### [Problem to solve]
Each line of the material below with the word "carrier" is to be reported.
(Exercise data)
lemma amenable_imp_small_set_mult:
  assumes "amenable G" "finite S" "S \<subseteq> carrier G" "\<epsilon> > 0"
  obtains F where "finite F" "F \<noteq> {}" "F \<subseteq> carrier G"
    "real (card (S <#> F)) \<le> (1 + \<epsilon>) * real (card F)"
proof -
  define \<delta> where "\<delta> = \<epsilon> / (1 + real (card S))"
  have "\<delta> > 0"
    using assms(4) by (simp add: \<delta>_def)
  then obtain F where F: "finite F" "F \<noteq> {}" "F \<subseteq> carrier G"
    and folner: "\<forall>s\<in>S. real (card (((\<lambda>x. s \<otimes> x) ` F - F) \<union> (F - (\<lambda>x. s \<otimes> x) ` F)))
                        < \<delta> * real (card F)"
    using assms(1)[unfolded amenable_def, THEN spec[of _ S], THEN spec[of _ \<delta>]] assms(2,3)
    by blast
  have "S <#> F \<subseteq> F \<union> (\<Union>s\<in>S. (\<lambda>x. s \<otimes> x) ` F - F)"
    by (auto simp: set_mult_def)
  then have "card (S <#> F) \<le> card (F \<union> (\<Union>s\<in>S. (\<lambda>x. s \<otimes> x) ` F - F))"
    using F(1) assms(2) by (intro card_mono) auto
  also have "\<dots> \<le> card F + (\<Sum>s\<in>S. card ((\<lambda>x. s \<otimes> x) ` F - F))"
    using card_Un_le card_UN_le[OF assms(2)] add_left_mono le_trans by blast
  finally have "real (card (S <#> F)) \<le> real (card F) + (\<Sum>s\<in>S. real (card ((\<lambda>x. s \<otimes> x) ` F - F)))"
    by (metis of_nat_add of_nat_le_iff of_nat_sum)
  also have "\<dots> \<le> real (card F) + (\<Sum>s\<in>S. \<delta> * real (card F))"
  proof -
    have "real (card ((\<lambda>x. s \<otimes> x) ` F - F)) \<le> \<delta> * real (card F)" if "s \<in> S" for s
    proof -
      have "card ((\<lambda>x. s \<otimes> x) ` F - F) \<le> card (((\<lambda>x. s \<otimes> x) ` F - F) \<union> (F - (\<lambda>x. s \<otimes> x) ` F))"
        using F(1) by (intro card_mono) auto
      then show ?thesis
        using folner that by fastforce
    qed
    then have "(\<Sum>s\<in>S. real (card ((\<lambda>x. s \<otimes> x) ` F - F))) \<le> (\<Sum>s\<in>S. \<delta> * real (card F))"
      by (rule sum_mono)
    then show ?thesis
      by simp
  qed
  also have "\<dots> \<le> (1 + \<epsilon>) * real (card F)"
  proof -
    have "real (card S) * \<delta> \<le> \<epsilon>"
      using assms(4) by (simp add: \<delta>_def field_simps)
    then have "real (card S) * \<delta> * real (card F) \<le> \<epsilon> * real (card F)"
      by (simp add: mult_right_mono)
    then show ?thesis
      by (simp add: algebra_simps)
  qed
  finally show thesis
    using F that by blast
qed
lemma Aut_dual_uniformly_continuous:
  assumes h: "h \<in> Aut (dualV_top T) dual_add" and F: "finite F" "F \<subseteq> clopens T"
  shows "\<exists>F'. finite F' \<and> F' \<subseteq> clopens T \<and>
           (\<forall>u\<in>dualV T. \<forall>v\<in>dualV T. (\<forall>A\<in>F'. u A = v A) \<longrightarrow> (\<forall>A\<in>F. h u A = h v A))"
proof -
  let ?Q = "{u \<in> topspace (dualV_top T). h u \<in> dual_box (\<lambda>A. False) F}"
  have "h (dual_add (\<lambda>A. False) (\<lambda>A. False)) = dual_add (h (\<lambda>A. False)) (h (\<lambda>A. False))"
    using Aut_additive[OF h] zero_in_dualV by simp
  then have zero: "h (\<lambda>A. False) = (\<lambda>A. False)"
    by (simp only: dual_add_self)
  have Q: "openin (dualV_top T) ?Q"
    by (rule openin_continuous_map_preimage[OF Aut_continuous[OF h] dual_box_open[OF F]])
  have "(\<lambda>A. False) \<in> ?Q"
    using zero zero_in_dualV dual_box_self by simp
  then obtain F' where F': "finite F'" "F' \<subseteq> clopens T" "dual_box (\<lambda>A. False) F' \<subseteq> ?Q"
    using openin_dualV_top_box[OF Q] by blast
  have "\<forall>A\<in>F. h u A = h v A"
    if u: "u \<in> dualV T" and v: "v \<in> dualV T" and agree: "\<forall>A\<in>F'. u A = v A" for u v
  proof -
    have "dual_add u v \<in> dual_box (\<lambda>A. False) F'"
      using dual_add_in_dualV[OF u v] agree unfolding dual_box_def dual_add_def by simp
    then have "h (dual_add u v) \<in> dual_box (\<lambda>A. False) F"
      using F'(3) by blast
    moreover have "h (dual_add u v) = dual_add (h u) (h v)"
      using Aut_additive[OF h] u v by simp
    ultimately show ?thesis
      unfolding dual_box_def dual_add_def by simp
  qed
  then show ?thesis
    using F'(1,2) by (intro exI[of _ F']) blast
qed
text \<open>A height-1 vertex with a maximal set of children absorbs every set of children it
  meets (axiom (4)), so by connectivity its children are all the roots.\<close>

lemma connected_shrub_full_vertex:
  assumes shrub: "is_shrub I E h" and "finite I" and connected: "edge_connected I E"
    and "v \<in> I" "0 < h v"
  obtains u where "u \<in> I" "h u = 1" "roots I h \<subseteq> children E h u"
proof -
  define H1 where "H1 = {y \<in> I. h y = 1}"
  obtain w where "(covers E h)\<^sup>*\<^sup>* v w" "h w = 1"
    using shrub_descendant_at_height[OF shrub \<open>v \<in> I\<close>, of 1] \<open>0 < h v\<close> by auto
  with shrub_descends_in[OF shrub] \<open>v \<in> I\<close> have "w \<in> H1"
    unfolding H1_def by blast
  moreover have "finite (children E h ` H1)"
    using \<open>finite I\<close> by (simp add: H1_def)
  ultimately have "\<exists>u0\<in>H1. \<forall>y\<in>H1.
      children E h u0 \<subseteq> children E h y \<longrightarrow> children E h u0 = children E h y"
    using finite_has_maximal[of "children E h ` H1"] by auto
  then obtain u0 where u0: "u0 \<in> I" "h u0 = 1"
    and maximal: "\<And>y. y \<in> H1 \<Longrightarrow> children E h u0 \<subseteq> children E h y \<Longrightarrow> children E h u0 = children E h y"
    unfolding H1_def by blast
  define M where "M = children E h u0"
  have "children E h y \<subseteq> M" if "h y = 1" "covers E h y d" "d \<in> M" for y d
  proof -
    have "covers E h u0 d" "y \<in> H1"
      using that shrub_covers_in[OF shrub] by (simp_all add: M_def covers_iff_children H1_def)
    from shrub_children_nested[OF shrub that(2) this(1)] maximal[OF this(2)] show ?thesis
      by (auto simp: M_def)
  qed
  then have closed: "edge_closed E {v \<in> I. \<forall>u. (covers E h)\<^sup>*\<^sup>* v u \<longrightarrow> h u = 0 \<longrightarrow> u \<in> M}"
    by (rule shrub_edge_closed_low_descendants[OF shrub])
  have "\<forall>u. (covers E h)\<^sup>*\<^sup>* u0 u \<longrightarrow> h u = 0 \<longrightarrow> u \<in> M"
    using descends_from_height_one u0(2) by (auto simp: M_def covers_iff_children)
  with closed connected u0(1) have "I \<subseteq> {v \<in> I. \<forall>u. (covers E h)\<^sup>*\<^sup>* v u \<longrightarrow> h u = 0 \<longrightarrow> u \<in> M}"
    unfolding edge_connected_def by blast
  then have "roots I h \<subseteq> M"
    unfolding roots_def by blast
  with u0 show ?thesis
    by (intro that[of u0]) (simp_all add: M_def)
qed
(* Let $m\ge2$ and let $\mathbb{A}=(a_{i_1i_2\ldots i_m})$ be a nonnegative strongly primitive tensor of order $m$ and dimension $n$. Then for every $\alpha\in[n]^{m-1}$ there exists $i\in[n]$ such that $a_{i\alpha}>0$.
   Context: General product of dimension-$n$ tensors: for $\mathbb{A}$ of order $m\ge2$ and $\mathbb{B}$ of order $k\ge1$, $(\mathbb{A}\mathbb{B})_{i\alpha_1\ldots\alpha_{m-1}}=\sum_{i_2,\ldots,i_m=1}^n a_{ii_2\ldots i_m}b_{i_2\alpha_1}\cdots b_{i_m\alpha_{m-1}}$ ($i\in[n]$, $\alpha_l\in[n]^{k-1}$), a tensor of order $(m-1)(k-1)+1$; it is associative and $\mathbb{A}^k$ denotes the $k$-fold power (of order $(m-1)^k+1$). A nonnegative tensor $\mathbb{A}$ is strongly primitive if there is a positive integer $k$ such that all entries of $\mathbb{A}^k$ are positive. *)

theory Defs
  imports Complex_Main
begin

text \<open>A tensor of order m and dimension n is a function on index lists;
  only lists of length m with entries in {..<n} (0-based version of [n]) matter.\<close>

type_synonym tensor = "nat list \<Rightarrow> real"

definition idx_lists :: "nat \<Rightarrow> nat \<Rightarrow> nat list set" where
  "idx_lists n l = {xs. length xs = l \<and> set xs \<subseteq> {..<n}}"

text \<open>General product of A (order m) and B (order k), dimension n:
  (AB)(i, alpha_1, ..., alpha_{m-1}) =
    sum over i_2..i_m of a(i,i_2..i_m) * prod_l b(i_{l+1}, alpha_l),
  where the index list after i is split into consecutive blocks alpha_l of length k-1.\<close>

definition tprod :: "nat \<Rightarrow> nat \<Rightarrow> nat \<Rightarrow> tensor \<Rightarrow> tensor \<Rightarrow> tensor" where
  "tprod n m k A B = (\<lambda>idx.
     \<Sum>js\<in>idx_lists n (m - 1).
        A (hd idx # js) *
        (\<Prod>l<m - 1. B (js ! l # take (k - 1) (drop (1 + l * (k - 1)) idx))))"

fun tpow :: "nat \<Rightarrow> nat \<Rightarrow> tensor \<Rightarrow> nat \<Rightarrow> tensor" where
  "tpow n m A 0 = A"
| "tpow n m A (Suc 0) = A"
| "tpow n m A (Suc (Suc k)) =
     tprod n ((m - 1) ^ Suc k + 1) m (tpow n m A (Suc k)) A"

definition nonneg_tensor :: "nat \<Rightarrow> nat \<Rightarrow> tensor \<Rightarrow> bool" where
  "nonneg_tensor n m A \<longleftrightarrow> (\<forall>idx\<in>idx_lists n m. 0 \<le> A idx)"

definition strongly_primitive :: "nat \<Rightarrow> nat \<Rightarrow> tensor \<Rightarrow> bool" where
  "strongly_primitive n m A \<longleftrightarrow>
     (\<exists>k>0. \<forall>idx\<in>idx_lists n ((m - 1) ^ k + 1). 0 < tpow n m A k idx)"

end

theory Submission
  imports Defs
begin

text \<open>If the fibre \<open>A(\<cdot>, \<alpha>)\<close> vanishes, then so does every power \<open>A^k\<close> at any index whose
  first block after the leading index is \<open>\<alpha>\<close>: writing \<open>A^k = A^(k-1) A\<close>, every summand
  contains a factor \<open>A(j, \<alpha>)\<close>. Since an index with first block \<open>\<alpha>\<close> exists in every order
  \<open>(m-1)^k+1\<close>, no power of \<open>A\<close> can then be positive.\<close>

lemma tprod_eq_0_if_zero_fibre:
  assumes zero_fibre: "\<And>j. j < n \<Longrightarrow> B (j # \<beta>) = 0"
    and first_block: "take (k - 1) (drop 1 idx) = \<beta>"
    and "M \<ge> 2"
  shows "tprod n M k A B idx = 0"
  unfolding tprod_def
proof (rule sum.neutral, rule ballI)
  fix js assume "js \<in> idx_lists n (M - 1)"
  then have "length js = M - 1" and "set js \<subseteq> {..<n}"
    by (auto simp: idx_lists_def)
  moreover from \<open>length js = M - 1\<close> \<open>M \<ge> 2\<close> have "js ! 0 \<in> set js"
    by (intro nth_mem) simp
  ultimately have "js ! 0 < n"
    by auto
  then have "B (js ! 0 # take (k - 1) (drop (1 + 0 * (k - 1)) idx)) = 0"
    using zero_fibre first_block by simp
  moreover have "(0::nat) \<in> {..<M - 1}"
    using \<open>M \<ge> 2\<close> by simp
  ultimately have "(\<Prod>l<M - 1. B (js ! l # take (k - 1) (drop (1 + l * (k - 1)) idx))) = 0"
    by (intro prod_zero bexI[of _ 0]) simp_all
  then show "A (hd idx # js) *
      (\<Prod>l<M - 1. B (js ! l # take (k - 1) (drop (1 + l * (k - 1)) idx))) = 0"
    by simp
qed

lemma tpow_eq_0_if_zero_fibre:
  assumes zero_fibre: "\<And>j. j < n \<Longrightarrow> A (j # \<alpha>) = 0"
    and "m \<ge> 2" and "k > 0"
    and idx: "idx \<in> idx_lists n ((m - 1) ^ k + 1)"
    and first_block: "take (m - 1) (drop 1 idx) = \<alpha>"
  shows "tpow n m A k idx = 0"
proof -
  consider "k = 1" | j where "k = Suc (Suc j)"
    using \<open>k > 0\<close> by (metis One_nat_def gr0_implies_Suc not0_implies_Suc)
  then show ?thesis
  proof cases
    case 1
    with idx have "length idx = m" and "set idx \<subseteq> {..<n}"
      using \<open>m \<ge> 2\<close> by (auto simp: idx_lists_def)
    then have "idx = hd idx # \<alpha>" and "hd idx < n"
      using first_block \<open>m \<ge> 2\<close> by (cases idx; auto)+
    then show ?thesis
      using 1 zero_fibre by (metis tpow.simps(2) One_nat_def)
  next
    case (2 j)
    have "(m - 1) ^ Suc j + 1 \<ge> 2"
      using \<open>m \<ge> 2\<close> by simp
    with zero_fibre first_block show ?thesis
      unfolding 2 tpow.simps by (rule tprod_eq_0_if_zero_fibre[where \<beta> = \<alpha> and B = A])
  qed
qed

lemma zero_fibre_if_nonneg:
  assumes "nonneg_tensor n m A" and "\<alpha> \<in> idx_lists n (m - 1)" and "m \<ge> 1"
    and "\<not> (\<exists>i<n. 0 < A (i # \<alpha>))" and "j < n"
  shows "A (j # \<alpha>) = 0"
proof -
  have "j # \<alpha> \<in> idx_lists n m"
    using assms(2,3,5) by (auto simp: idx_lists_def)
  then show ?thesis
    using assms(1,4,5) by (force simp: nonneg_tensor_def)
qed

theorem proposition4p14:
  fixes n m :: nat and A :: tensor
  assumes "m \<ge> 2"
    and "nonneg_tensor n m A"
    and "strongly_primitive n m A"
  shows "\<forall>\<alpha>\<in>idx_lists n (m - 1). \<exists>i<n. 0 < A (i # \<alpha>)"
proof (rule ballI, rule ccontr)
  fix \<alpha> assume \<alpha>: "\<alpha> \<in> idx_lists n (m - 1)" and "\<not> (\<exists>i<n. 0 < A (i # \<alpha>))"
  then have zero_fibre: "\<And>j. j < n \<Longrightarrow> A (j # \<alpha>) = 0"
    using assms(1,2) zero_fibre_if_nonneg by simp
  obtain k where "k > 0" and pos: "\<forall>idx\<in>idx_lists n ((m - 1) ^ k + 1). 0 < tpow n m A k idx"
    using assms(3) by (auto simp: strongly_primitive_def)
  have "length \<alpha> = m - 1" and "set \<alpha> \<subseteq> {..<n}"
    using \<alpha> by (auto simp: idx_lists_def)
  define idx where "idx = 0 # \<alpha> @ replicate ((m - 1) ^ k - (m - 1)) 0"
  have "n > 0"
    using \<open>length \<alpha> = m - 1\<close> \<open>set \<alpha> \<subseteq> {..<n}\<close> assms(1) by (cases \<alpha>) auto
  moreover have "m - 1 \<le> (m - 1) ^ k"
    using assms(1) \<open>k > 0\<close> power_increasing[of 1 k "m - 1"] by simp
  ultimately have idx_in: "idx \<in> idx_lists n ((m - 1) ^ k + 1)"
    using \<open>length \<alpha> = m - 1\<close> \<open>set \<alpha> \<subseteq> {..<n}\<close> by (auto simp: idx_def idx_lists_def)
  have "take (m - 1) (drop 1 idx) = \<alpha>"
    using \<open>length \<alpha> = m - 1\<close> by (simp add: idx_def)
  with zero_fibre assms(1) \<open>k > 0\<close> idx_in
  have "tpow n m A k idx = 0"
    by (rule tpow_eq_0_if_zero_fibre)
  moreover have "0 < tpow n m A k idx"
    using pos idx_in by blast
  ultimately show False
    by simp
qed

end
(End Exercise data)
(Exercise data)
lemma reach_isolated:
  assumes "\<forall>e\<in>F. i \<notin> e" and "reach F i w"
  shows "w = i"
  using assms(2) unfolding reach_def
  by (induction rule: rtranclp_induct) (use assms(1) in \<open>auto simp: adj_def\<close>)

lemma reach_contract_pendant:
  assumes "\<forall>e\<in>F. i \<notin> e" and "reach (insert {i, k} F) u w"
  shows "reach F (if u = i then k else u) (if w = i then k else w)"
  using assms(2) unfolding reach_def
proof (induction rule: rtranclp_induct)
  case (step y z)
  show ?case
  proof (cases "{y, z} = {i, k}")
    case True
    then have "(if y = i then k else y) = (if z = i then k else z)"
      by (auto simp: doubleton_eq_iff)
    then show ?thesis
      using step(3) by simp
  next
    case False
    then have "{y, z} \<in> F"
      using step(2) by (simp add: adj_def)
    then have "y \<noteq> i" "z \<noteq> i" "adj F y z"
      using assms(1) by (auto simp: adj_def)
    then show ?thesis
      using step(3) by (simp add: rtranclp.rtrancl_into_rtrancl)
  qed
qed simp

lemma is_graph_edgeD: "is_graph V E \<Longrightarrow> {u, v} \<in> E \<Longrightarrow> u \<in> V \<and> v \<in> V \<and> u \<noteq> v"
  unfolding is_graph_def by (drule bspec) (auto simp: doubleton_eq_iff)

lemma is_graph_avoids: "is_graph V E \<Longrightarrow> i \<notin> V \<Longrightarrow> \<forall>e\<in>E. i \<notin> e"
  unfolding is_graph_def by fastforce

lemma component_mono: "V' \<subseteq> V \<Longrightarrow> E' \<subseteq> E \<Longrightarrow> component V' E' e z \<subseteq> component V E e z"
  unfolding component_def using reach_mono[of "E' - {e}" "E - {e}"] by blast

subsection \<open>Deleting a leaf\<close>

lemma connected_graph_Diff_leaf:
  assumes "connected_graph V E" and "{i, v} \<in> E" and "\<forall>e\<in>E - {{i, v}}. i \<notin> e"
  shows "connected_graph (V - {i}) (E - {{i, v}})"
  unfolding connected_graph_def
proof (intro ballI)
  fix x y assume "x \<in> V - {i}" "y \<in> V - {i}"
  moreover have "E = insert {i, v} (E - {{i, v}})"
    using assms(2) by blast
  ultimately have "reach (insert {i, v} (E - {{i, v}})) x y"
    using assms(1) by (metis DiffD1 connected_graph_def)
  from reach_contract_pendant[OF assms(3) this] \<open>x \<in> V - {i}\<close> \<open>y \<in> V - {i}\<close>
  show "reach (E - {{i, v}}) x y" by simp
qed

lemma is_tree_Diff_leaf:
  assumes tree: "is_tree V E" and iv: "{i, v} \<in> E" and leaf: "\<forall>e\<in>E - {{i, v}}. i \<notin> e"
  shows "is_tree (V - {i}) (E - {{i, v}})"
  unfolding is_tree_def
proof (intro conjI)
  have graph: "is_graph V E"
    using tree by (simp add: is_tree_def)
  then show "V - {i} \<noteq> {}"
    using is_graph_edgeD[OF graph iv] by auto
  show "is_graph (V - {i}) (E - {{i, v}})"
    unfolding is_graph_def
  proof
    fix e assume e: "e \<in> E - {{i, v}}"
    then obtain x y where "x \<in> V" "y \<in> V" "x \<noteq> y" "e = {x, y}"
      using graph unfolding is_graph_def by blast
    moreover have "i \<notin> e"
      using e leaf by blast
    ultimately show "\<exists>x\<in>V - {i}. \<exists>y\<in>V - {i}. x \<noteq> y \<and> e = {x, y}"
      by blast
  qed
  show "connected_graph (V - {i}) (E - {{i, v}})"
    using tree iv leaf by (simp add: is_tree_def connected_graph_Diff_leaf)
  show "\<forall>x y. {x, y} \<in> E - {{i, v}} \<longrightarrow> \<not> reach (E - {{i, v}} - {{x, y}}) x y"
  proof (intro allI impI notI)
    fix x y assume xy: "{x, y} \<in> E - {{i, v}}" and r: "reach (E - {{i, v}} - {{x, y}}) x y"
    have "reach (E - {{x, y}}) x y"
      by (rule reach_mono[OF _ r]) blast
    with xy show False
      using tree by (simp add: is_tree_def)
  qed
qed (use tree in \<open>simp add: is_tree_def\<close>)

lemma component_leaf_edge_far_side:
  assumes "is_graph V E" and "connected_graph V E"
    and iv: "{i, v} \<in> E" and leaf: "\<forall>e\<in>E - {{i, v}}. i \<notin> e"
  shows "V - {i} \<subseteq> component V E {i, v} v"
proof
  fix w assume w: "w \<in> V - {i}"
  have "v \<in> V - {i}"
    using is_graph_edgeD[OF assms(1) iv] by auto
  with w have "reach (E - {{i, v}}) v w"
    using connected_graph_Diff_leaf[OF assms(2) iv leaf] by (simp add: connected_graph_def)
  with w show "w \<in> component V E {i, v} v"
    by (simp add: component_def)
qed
(End Exercise data)
### [Answer below]
  assumes "amenable G" "finite S" "S \<subseteq> carrier G" "\<epsilon> > 0"
  obtains F where "finite F" "F \<noteq> {}" "F \<subseteq> carrier G"
  then obtain F where F: "finite F" "F \<noteq> {}" "F \<subseteq> carrier G"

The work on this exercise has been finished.